Escudero Ornelas, Izhar Oswaldo ORCID: https://orcid.org/0000-0003-1852-450X (2023) An Investigation into Interdependencies in Electrical Machines Involving Deformable Materials: A Model-Based Multi-Objective Framework. PhD thesis, University of Sheffield.
Abstract
The increasing popularity of the green industrial revolution has led to a rise, in the production and use of Electric Vehicles (EVs) and their associated parts, like motors, generators and transformers [1]. This surge was driven by a growing emphasis on sustainability and the need to shift towards alternatives especially in transportation [2]. However meeting the growing demand for these parts while maintaining production standards presents a challenge. To address this challenge it is important to improve manufacturing processes by prioritizing early detection of faults to reduce End of Line (EoL) tests and ensure efficient production.
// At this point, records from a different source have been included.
(* Let two groups of positive integer moduli be given: Group $j$ ($j=1,2$) consists of $L_j\ge1$ moduli $0<M_{j,1}<\dots<M_{j,L_j}$; put $\delta_j=\operatorname{lcm}(M_{j,1},\dots,M_{j,L_j})$ and assume $\delta_1\ne\delta_2$. Let $N$ be an integer with $0\le N<\operatorname{lcm}(\delta_1,\delta_2)$, let $r_{j,i}$ be the remainder of $N$ modulo $M_{j,i}$ and $n_{j,i}=(N-r_{j,i})/M_{j,i}$. Let $\tilde r_{j,i}$ be integers with $0\le\tilde r_{j,i}\le M_{j,i}-1$ and $|\tilde r_{j,i}-r_{j,i}|\le\tau_j$ for all $i$, where $$\tau_j<\min(G_j,G)\quad (j=1,2),$$ with $G_j=\max_{1\le i\le L_j}\min_{q\ne i}\gcd(M_{j,i},M_{j,q})/4$ if $L_j\ge2$, $G_j=M_{j,1}/4$ if $L_j=1$, and $G=\gcd(\delta_1,\delta_2)/4$. Then the two-stage algorithm (described in the context) outputs $\hat n_{j,i}=n_{j,i}$ for all $1\le i\le L_j$, $j=1,2$, and its estimate $\hat N$ satisfies $$|\hat N-N|\le\left[\frac{L_1\tau_1+L_2\tau_2}{L_1+L_2}\right].$$
   Context: For $x\in\mathbb R$, $[x]$ denotes the unique integer with $-1/2\le x-[x]<1/2$. Single-stage algorithm $\mathcal A$: for pairwise distinct positive integers $P_1,\dots,P_m$ ($m\ge2$), a reference index $k$ and integers $x_1,\dots,x_m$: for $i\ne k$ put $m_{ki}=\gcd(P_k,P_i)$, $\Gamma_{ki}=P_k/m_{ki}$, $\Gamma_{ik}=P_i/m_{ki}$, $\hat q_{ik}=[(x_i-x_k)/m_{ki}]$, let $\bar\Gamma_{ki}$ be an inverse of $\Gamma_{ki}$ modulo $\Gamma_{ik}$ and $\hat\xi_{ik}\equiv\hat q_{ik}\bar\Gamma_{ki}\pmod{\Gamma_{ik}}$, $0\le\hat\xi_{ik}<\Gamma_{ik}$; let $\hat n_k$ be the least nonnegative $y$ with $y\equiv\hat\xi_{ik}\pmod{\Gamma_{ik}}$ for all $i\ne k$ (the algorithm fails if none exists), and $\hat n_i=(\hat n_k\Gamma_{ki}-\hat q_{ik})/\Gamma_{ik}$ for $i\ne k$. Two-stage algorithm: Stage 1: for each group $j$, if $L_j\ge2$ apply $\mathcal A$ to $M_{j,1},\dots,M_{j,L_j}$ with inputs $\tilde r_{j,1},\dots,\tilde r_{j,L_j}$ and a reference index $k_j$ attaining $\max_i\min_{q\ne i}\gcd(M_{j,i},M_{j,q})$, obtaining $\hat K_{j,1},\dots,\hat K_{j,L_j}$; if $L_j=1$ set $\hat K_{j,1}=0$. Put $\hat N_j=[\frac1{L_j}\sum_{i=1}^{L_j}(\hat K_{j,i}M_{j,i}+\tilde r_{j,i})]$. Stage 2: apply $\mathcal A$ to the moduli $\delta_1,\delta_2$ with inputs $\hat N_1,\hat N_2$ (any reference index), obtaining $\hat l_1,\hat l_2$. Output $\hat n_{j,i}=\hat l_j\delta_j/M_{j,i}+\hat K_{j,i}$ and $\hat N=[\frac1{L_1+L_2}\sum_{j=1}^2\sum_{i=1}^{L_j}(\hat n_{j,i}M_{j,i}+\tilde r_{j,i})]$. *)

theory Defs
  imports "HOL-Number_Theory.Number_Theory"
begin

text \<open>Rounding [x]: the unique integer with -1/2 \<le> x - [x] < 1/2.\<close>
definition rnd :: "real \<Rightarrow> int" where
  "rnd x = \<lfloor>x + 1/2\<rfloor>"

text \<open>Single-stage algorithm A. Indices are 1..m; P i are the moduli, k the
  reference index, x i the inputs. Returns None if the algorithm fails.\<close>
definition alg_A :: "nat \<Rightarrow> (nat \<Rightarrow> int) \<Rightarrow> nat \<Rightarrow> (nat \<Rightarrow> int) \<Rightarrow> (nat \<Rightarrow> int) option" where
  "alg_A m P k x = (let
     mm = (\<lambda>i. gcd (P k) (P i));
     Gki = (\<lambda>i. P k div mm i);
     Gik = (\<lambda>i. P i div mm i);
     q = (\<lambda>i. rnd (real_of_int (x i - x k) / real_of_int (mm i)));
     ginv = (\<lambda>i. SOME b. [Gki i * b = 1] (mod Gik i));
     xi = (\<lambda>i. (q i * ginv i) mod Gik i);
     S = {y::nat. \<forall>i\<in>{1..m} - {k}. [int y = xi i] (mod Gik i)}
   in if S = {} then None else
     (let nk = int (LEAST y. y \<in> S) in
      Some (\<lambda>i. if i = k then nk else (nk * Gki i - q i) div Gik i)))"

definition mingcd :: "(nat \<Rightarrow> int) \<Rightarrow> nat \<Rightarrow> nat \<Rightarrow> int" where
  "mingcd Mj Lj i = Min {gcd (Mj i) (Mj q) | q. q \<in> {1..Lj} \<and> q \<noteq> i}"

definition delta :: "(nat \<Rightarrow> nat \<Rightarrow> int) \<Rightarrow> (nat \<Rightarrow> nat) \<Rightarrow> nat \<Rightarrow> int" where
  "delta M L j = Lcm (M j ` {1..L j})"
The efficiency and cost control of Electrical Machines (EM) greatly depend on the interactions, between components and subsystems. The inclusion of deformable materials such as copper wire introduces complexity owing to their nature. This study suggests various frameworks to improve efficiency by minimising the need for tests and effectively handle deformable materials during the manufacturing process.
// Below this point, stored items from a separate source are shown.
(* Let $k$ be a positive integer. The triangular grid graph $T_k$ with $k$ levels is cyclically orderable if and only if $k\le 4$.
   Context: For a positive integer $k$, the triangular grid graph $T_k$ with $k$ levels is the graph whose vertices are the pairs $(i,j)$ of integers with $0\le j\le i\le k-1$, and in which $(i,j)$ is adjacent to $(i,j+1)$ (when $j+1\le i$), to $(i+1,j)$ and to $(i+1,j+1)$ (when $i+1\le k-1$); it is the triangular lattice cut into the shape of a large triangle with $k$ vertices on each side. A cyclic base ordering (CBO) of a connected graph $G$ is a cyclic ordering of $E(G)$, i.e. a bijection $\mathcal{O}:E(G)\to\{1,\dots,|E(G)|\}$, such that for every $i\in\{1,\dots,|E(G)|\}$ the edges $\mathcal{O}^{-1}(i),\mathcal{O}^{-1}(i+1),\dots,\mathcal{O}^{-1}(i+|V(G)|-2)$ (indices taken cyclically modulo $|E(G)|$) induce a spanning tree of $G$. $G$ is cyclically orderable if it has a CBO. The one-vertex edgeless graph $T_1$ is regarded as trivially cyclically orderable. *)

theory Defs
  imports Main
begin

definition tri_vertices :: "nat \<Rightarrow> (nat \<times> nat) set" where
  "tri_vertices k = {(i, j). j \<le> i \<and> i + 1 \<le> k}"

definition tri_edges :: "nat \<Rightarrow> (nat \<times> nat) set set" where
  "tri_edges k =
     {{(i, j), (i, j + 1)} | i j. j + 1 \<le> i \<and> i + 1 \<le> k}
   \<union> {{(i, j), (i + 1, j)} | i j. j \<le> i \<and> i + 2 \<le> k}
   \<union> {{(i, j), (i + 1, j + 1)} | i j. j \<le> i \<and> i + 2 \<le> k}"

definition connected_on :: "'a set \<Rightarrow> 'a set set \<Rightarrow> bool" where
  "connected_on V F \<longleftrightarrow>
     (\<forall>u\<in>V. \<forall>v\<in>V. (u, v) \<in> {(x, y). {x, y} \<in> F}\<^sup>*)"

text \<open>F is (the edge set of) a spanning tree of the graph (V, E):
  F \<subseteq> E, (V, F) connected, and |F| = |V| - 1 (a connected finite graph with |V|-1 edges is a tree).\<close>
definition spanning_tree :: "'a set \<Rightarrow> 'a set set \<Rightarrow> 'a set set \<Rightarrow> bool" where
  "spanning_tree V E F \<longleftrightarrow> F \<subseteq> E \<and> connected_on V F \<and> card F = card V - 1"

definition cyclic_base_ordering :: "'a set \<Rightarrow> 'a set set \<Rightarrow> ('a set \<Rightarrow> nat) \<Rightarrow> bool" where
  "cyclic_base_ordering V E ord \<longleftrightarrow>
     bij_betw ord E {1..card E} \<and>
     (\<forall>i\<in>{1..card E}.
        spanning_tree V E
          ((\<lambda>t. the_inv_into E ord (((i - 1 + t) mod card E) + 1)) ` {..< card V - 1}))"

definition cyclically_orderable :: "'a set \<Rightarrow> 'a set set \<Rightarrow> bool" where
  "cyclically_orderable V E \<longleftrightarrow> (\<exists>ord. cyclic_base_ordering V E ord)"

end

theory Submission
  imports Defs "HOL-Number_Theory.Cong"
begin

text \<open>The corner (0, 0) of \<open>T\<^sub>k\<close> has degree 2. In a cyclic base ordering every window of
  \<open>|V| - 1\<close> consecutive edges is a spanning tree and so contains one of these two edges; the
  windows containing a fixed edge are at most \<open>|V| - 1\<close>, hence \<open>|E| \<le> 2 (|V| - 1)\<close>. With
  \<open>|V| = k (k + 1) / 2\<close> and \<open>|E| = 3 k (k - 1) / 2\<close> this reads \<open>3 k \<le> 2 (k + 2)\<close>, i.e.
  \<open>k \<le> 4\<close>. For \<open>k \<le> 4\<close> explicit orderings are checked by evaluation, connectivity of each
  window being certified by exploring it from the corner.\<close>

abbreviation adjacency :: "'a set set \<Rightarrow> ('a \<times> 'a) set" where
  "adjacency F \<equiv> {(x, y). {x, y} \<in> F}"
In this research, a framework that utilises Discrete Event Simulation (DES) was presented to investigate the interrelationships in EM manufacturing specifically focusing on the coil winding process. Through experiments, connections between winding speed, wire thickness, bobbin shape and variations in resistance were discovered. These findings highlight the importance of control features. Additionally, this study introduced an improved DES framework that combines the original DES model with a Supervised Machine Learning (SML) algorithm via Knowledge Distillation (KD). This integration significantly reduced simulation times while still maintaining accuracy.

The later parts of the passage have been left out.